» **WHAT THE EXERCISE ASKS**:
From the line with "j) / real n))" to the final line of the records, reproduce every line exactly and only those lines.

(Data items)
<<<<

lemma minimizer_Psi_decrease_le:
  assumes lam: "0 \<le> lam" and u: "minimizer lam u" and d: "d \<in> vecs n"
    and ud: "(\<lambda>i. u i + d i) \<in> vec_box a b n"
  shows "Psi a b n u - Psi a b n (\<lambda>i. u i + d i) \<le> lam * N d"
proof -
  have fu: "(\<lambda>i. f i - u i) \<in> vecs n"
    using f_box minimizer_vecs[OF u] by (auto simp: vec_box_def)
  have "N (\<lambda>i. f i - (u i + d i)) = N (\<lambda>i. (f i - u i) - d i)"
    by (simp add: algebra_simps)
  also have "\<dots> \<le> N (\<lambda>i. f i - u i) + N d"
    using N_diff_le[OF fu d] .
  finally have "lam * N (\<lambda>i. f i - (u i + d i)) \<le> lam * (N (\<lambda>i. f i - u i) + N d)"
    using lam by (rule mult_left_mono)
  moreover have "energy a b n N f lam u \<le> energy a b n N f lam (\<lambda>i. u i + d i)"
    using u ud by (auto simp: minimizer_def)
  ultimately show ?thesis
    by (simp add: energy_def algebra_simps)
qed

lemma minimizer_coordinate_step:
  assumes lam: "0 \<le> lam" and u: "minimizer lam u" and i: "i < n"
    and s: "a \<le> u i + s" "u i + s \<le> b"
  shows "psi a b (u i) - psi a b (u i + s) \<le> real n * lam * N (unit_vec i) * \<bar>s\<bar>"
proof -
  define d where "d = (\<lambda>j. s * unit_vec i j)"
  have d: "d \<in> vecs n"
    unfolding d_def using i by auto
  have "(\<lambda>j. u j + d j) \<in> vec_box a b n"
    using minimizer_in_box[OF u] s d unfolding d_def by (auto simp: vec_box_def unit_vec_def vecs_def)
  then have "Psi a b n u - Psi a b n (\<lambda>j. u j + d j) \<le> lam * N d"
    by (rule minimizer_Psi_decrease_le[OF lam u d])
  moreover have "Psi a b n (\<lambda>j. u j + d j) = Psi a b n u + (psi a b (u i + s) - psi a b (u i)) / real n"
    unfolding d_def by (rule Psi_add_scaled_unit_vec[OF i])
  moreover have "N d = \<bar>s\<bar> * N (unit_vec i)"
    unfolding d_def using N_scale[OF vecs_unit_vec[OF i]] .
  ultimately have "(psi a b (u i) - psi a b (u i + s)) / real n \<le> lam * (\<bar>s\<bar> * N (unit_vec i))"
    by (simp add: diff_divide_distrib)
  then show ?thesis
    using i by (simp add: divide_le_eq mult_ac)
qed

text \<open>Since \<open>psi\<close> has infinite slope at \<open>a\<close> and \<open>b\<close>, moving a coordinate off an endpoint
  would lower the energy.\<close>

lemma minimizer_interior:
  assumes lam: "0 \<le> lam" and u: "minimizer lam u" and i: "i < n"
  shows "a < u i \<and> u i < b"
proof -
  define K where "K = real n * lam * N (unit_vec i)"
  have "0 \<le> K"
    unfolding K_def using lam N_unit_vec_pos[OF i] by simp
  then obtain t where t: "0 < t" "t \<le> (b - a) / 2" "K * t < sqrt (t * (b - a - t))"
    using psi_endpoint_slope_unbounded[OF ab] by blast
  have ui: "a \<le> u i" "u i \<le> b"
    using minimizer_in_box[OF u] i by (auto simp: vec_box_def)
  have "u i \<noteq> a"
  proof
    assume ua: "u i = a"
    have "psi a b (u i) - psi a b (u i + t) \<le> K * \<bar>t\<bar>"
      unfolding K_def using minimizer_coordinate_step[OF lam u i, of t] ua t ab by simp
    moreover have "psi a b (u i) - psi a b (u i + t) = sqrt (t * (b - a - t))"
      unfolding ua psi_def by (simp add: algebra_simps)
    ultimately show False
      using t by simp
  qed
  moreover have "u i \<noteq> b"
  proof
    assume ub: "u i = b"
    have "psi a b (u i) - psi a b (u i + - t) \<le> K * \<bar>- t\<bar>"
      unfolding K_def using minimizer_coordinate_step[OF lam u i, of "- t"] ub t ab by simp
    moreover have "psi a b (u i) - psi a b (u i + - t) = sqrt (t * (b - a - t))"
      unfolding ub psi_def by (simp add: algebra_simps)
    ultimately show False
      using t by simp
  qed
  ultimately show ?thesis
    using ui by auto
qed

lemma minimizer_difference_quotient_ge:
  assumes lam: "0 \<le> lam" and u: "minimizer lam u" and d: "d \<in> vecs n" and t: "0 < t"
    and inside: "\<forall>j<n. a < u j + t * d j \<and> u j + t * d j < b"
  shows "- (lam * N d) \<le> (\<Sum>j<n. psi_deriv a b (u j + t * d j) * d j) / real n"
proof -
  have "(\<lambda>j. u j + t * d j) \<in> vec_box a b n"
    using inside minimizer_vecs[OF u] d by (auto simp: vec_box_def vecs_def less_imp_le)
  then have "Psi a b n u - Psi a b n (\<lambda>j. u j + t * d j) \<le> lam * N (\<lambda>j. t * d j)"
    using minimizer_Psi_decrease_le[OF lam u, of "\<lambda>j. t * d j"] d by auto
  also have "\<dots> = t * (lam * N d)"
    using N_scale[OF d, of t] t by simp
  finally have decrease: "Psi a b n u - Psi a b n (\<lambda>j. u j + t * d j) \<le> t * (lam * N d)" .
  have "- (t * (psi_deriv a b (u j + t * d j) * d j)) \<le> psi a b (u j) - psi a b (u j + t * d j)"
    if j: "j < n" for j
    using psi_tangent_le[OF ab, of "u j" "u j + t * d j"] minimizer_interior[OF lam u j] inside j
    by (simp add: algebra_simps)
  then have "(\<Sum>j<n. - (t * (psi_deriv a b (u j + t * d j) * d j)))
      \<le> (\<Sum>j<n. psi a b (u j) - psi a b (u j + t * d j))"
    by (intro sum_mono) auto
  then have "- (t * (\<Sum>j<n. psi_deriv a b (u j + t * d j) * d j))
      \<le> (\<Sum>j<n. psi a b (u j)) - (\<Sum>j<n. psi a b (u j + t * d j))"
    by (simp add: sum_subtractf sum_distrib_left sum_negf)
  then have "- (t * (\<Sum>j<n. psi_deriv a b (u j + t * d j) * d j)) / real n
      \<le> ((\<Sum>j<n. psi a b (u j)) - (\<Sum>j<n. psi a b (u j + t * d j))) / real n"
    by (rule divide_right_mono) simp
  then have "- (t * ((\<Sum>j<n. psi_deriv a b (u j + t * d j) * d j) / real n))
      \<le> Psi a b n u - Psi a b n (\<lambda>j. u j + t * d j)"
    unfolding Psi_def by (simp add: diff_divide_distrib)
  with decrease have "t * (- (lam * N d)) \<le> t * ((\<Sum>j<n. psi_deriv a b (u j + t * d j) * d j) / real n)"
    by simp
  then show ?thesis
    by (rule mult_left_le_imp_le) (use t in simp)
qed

>>>>

» **FINISHED TASK**:
  then have "- (t * ((\<Sum>j<n. psi_deriv a b (u j + t * d j) * d j) / real n))
      \<le> Psi a b n u - Psi a b n (\<lambda>j. u j + t * d j)"
    unfolding Psi_def by (simp add: diff_divide_distrib)
  with decrease have "t * (- (lam * N d)) \<le> t * ((\<Sum>j<n. psi_deriv a b (u j + t * d j) * d j) / real n)"
    by simp
  then show ?thesis
    by (rule mult_left_le_imp_le) (use t in simp)
qed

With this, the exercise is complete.